FIRST PERSECUTION.—DEATH OF STEPHEN.—DESTRUCTION OF THE FIRST CHURCH OF JERUSALEM.

It was inevitable that the preachings of the new sect, although delivered with so much reserve, should revive the animosities which had accumulated against its founder, and eventually brought about his death. The Sadducee family of Hanan, who had caused the death of Jesus, was still reigning. Joseph Caiaphas occupied, up to 36, the sovereign Pontificate, the effective power of which he gave over to his father-in-law Hanan, and to his relatives, John and Alexander. These arrogant and pitiless men viewed with impatience a troop of good and holy people, without official title, winning the favour of the multitude.
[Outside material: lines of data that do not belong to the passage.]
definition comp_enz :: "'s comp \<Rightarrow> 's" where "comp_enz c = fst c"
definition comp_subs :: "'s comp \<Rightarrow> 's list" where "comp_subs c = fst (snd c)"
definition comp_ints :: "'s comp \<Rightarrow> 's list" where "comp_ints c = snd (snd c)"

definition intermediates :: "'s comp set \<Rightarrow> 's set" where
  "intermediates CC = (\<Union>c\<in>CC. set (comp_ints c))"

definition nonintermediates :: "'s comp set \<Rightarrow> 's set" where
  "nonintermediates CC = (\<Union>c\<in>CC. insert (comp_enz c) (set (comp_subs c)))"

definition net_species :: "'s comp set \<Rightarrow> 's set" where
  "net_species CC = intermediates CC \<union> nonintermediates CC"

definition H1 :: "'s rxn set \<Rightarrow> 's comp set \<Rightarrow> bool" where
  "H1 R CC \<longleftrightarrow>
     finite CC \<and> R = (\<Union>c\<in>CC. comp_reactions c) \<and>
     (\<forall>c\<in>CC. length (comp_ints c) \<ge> 1 \<and>
              length (comp_subs c) = Suc (length (comp_ints c)) \<and>
              distinct (comp_enz c # comp_subs c) \<and>
              distinct (comp_ints c)) \<and>
     (\<forall>c\<in>CC. \<forall>c'\<in>CC. c \<noteq> c' \<longrightarrow> set (comp_ints c) \<inter> set (comp_ints c') = {}) \<and>
     intermediates CC \<inter> nonintermediates CC = {} \<and>
     (\<forall>c\<in>CC. \<forall>c'\<in>CC. c \<noteq> c' \<longrightarrow> comp_complexes c \<inter> comp_complexes c' = {})"

text \<open>Partition S^(0),...,S^(M) given as a function P on indices 0..M.\<close>
definition H2 :: "'s comp set \<Rightarrow> nat \<Rightarrow> (nat \<Rightarrow> 's set) \<Rightarrow> bool" where
  "H2 CC M P \<longleftrightarrow>
     M \<ge> 2 \<and>
     (\<forall>\<alpha>\<le>M. P \<alpha> \<noteq> {}) \<and>
     (\<forall>\<alpha>\<le>M. \<forall>\<beta>\<le>M. \<alpha> \<noteq> \<beta> \<longrightarrow> P \<alpha> \<inter> P \<beta> = {}) \<and>
     (\<Union>\<alpha>\<le>M. P \<alpha>) = net_species CC \<and>
     P 0 = intermediates CC \<and>
     (\<forall>c\<in>CC. \<forall>U\<in>set (comp_ints c). \<exists>\<alpha>. 1 \<le> \<alpha> \<and> \<alpha> \<le> M \<and>
          set (comp_subs c) \<subseteq> P \<alpha> \<and> comp_enz c \<notin> P \<alpha>)"

definition W_set :: "'s rxn set \<Rightarrow> 's comp set \<Rightarrow> 's \<Rightarrow> 's set" where
  "W_set R CC X = {U \<in> intermediates CC. \<exists>X2 \<in> nonintermediates CC.
                     (sp U, sp X + sp X2) \<in> R}"

end

theory Submission
  imports Defs
begin

text \<open>Under (H1) every reaction joins a single intermediate U with a complex Y + S of two
distinct non-intermediates.  Each term of a total derivative carries the factor x^y of a reactant
complex y \<noteq> 0, so the constant monomial never appears.  A degree-one monomial w of the total
derivative of p can only arise from a degree-one monomial x_i of p and a reaction W \<rightarrow> Y + S
changing the amount of species i: if i is an intermediate this forces i = W, and if i = X is a
non-intermediate it forces W \<in> W_X.  Induction on the order of the derivative gives the claim.\<close>

lemma lookup_sp [simp]: "Poly_Mapping.lookup (sp a) b = (if a = b then 1 else 0)"
  by (simp add: sp_def lookup_single when_def)

lemma sp_eq_iff: "sp a = sp b \<longleftrightarrow> a = b"
  by (metis lookup_sp one_neq_zero)

lemma sp_neq_zero: "sp a \<noteq> 0"
  by (metis lookup_sp lookup_zero one_neq_zero)

lemma poly_mapping_nat_add_eq_zero: "m1 + m2 = (0 :: 'a \<Rightarrow>\<^sub>0 nat) \<Longrightarrow> m2 = 0"
  by (metis add_is_0 lookup_add lookup_zero poly_mapping_eqI)

lemma add_eq_sp:
  assumes "m1 + m2 = sp a" "m2 \<noteq> 0"
  shows "m1 = 0 \<and> m2 = sp a"
proof -
  have l: "\<And>b. Poly_Mapping.lookup m1 b + Poly_Mapping.lookup m2 b = (if a = b then 1 else 0)"
    by (metis assms(1) lookup_add lookup_sp)
  obtain b where b: "Poly_Mapping.lookup m2 b \<noteq> 0"
    using assms(2) poly_mapping_eqI lookup_zero by metis
  then have "b = a" using l[of b] by (auto split: if_splits)
  then have "m1 = 0"
  proof (intro poly_mapping_eqI)
    fix k show "Poly_Mapping.lookup m1 k = Poly_Mapping.lookup 0 k"
      using l[of k] l[of a] b \<open>b = a\<close> by (cases "k = a") auto
  qed
  with assms(1) show ?thesis by simp
qed

lemma diff_sp_eq_zero:
  assumes "m - sp i = 0" "Poly_Mapping.lookup m i \<noteq> 0"
  shows "m = sp i"
proof (rule poly_mapping_eqI)
  fix b
  have "Poly_Mapping.lookup m b - Poly_Mapping.lookup (sp i) b = 0"
    by (metis assms(1) lookup_minus lookup_zero)
  then show "Poly_Mapping.lookup m b = Poly_Mapping.lookup (sp i) b"
    using assms(2) by auto
qed

lemma sp_add_sp_neq_sp:
  assumes "Y \<noteq> S"
  shows "sp Y + sp S \<noteq> sp a"
  by (metis add.commute assms add_eq_sp sp_eq_iff sp_neq_zero)

lemma mdeg_eq_1_iff: "mdeg \<mu> = 1 \<longleftrightarrow> (\<exists>a. \<mu> = sp a)"
proof
  assume deg: "mdeg \<mu> = 1"
  then obtain a where a: "a \<in> Poly_Mapping.keys \<mu>" by (fastforce simp: mdeg_def)
  have pos: "Poly_Mapping.lookup \<mu> a \<ge> 1"
    using a by (simp add: in_keys_iff)
  have split: "mdeg \<mu> = Poly_Mapping.lookup \<mu> a + (\<Sum>s\<in>Poly_Mapping.keys \<mu> - {a}. Poly_Mapping.lookup \<mu> s)"
    unfolding mdeg_def using a by (simp add: sum.remove)
  have "Poly_Mapping.lookup \<mu> a = 1"
    and "(\<Sum>s\<in>Poly_Mapping.keys \<mu> - {a}. Poly_Mapping.lookup \<mu> s) = 0"
    using split deg pos by linarith+
  then have "\<mu> = sp a"
    by (intro poly_mapping_eqI) (auto simp: in_keys_iff sum_eq_0_iff)
  then show "\<exists>a. \<mu> = sp a" ..
qed (auto simp: mdeg_def sp_def)

lemma appears_iff_in_keys: "appears \<mu> p \<longleftrightarrow> \<mu> \<in> Poly_Mapping.keys p"
  by (simp add: appears_def in_keys_iff)

lemma keys_xvar: "Poly_Mapping.keys (xvar X) = {sp X}"
  by (simp add: xvar_def sp_def)

lemma keys_pdiff:
  assumes "m \<in> Poly_Mapping.keys (pdiff i p)"
  shows "\<exists>m'\<in>Poly_Mapping.keys p. Poly_Mapping.lookup m' i \<noteq> 0 \<and> m = m' - sp i"
proof -
  from subsetD[OF keys_sum assms[unfolded pdiff_def]] obtain m' where "m' \<in> Poly_Mapping.keys p"
    "m \<in> Poly_Mapping.keys (Poly_Mapping.single (m' - Poly_Mapping.single i 1)
            (Poly_Mapping.lookup p m' * of_nat (Poly_Mapping.lookup m' i)))"
    by blast
  then show ?thesis
    by (cases "Poly_Mapping.lookup m' i = 0") (auto simp: sp_def split: if_splits)
qed

lemma keys_rhs:
  assumes "m \<in> Poly_Mapping.keys (rhs R i)"
  shows "\<exists>r\<in>R. m = fst r \<and> Poly_Mapping.lookup (snd r) i \<noteq> Poly_Mapping.lookup (fst r) i"
proof -
  from subsetD[OF keys_sum assms[unfolded rhs_def]] obtain r where "r \<in> R"
    "m \<in> Poly_Mapping.keys (Poly_Mapping.single (fst r) (Poly_Mapping.single (Poly_Mapping.single r (1::nat))
            (int (Poly_Mapping.lookup (snd r) i) - int (Poly_Mapping.lookup (fst r) i))))"
    by blast
  then show ?thesis
    by (cases "Poly_Mapping.lookup (snd r) i = Poly_Mapping.lookup (fst r) i") (auto split: if_splits)
qed

lemma keys_tdiff:
  assumes "m \<in> Poly_Mapping.keys (tdiff S R p)"
  shows "\<exists>i\<in>S. \<exists>m1 m2. m = m1 + m2 \<and> m1 \<in> Poly_Mapping.keys (pdiff i p) \<and>
                        m2 \<in> Poly_Mapping.keys (rhs R i)"
  using subsetD[OF keys_sum assms[unfolded tdiff_def]] keys_mult by blast

lemma H1_intermediates_disjoint:
  "H1 R CC \<Longrightarrow> intermediates CC \<inter> nonintermediates CC = {}"
  by (simp add: H1_def)

lemma W_set_subset_intermediates: "W_set R CC X \<subseteq> intermediates CC"
  by (auto simp: W_set_def)

lemma H1_reactionE:
  assumes "H1 R CC" "r \<in> R"
  obtains U Y S where "U \<in> intermediates CC" "Y \<in> nonintermediates CC" "S \<in> nonintermediates CC"
    "Y \<noteq> S" "r = (sp Y + sp S, sp U) \<or> r = (sp U, sp Y + sp S)"
proof -
  from assms obtain c where c: "c \<in> CC" "r \<in> comp_reactions c"
    by (auto simp: H1_def)
  obtain Y Ss Us where cc: "c = (Y, Ss, Us)" by (cases c)
  from assms(1) c(1) cc have len: "length Ss = Suc (length Us)" and dist: "distinct (Y # Ss)"
    by (auto simp: H1_def comp_subs_def comp_ints_def comp_enz_def)
  from c(2) cc obtain j where j: "j < length Us" and
    r: "r = (sp Y + sp (Ss!j), sp (Us!j)) \<or> r = (sp (Us!j), sp Y + sp (Ss!j)) \<or>
        r = (sp (Us!j), sp Y + sp (Ss!Suc j))"
    unfolding comp_reactions_def by auto
  have U: "Us!j \<in> intermediates CC"
    using c(1) cc j unfolding intermediates_def comp_ints_def by force
  have Y: "Y \<in> nonintermediates CC"
    using c(1) cc unfolding nonintermediates_def comp_enz_def by force
  have S: "Ss!k \<in> nonintermediates CC" "Y \<noteq> Ss!k" if "k \<le> Suc j" for k
    using c(1) cc that j len dist unfolding nonintermediates_def comp_subs_def by force+
  from r show thesis
    using that[OF U Y S(1)[of j] S(2)[of j]] that[OF U Y S(1)[of "Suc j"] S(2)[of "Suc j"]]
    by auto
qed

lemma H1_reactant_nonzero:
  assumes "H1 R CC" "(y, y') \<in> R"
  shows "y \<noteq> 0"
  using assms by (elim H1_reactionE) (auto dest!: poly_mapping_nat_add_eq_zero simp: sp_neq_zero)

lemma H1_reaction_from_species:
  assumes "H1 R CC" "(sp a, y') \<in> R"
  shows "a \<in> intermediates CC \<and>
         (\<exists>Y S. y' = sp Y + sp S \<and> Y \<in> nonintermediates CC \<and> S \<in> nonintermediates CC)"
  using assms by (elim H1_reactionE) (auto simp: sp_eq_iff sp_add_sp_neq_sp[THEN not_sym])

lemma H1_constant_not_in_keys_tdiff:
  assumes "H1 R CC"
  shows "0 \<notin> Poly_Mapping.keys (tdiff S R p)"
proof
  assume "0 \<in> Poly_Mapping.keys (tdiff S R p)"
  then obtain i m1 m2 where "0 = m1 + m2" "m2 \<in> Poly_Mapping.keys (rhs R i)"
    by (blast dest: keys_tdiff)
  then obtain r where "r \<in> R" "fst r = 0"
    by (metis poly_mapping_nat_add_eq_zero keys_rhs)
  with H1_reactant_nonzero[OF assms] show False
    by (metis prod.collapse)
qed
Once or twice, Peter, John, and the principal members of the apostolic college, were put in prison and condemned to flagellation. This was the chastisement inflicted on heretics. The authorization of the Romans was not necessary in order to apply it. As we might indeed suppose, these brutalities only served to inflame the ardour of the apostles. They came forth from the Sanhedrim where they had just undergone flagellation, rejoicing that they were counted worthy to suffer shame for him whom they loved. Eternal puerility of penal repressions applied to things of the soul! They were regarded, no doubt, as men of order, as models of prudence and wisdom; these blunderers, who seriously believed in the year 36, to gain the upper hand of Christianity by means of a few strokes of a whip!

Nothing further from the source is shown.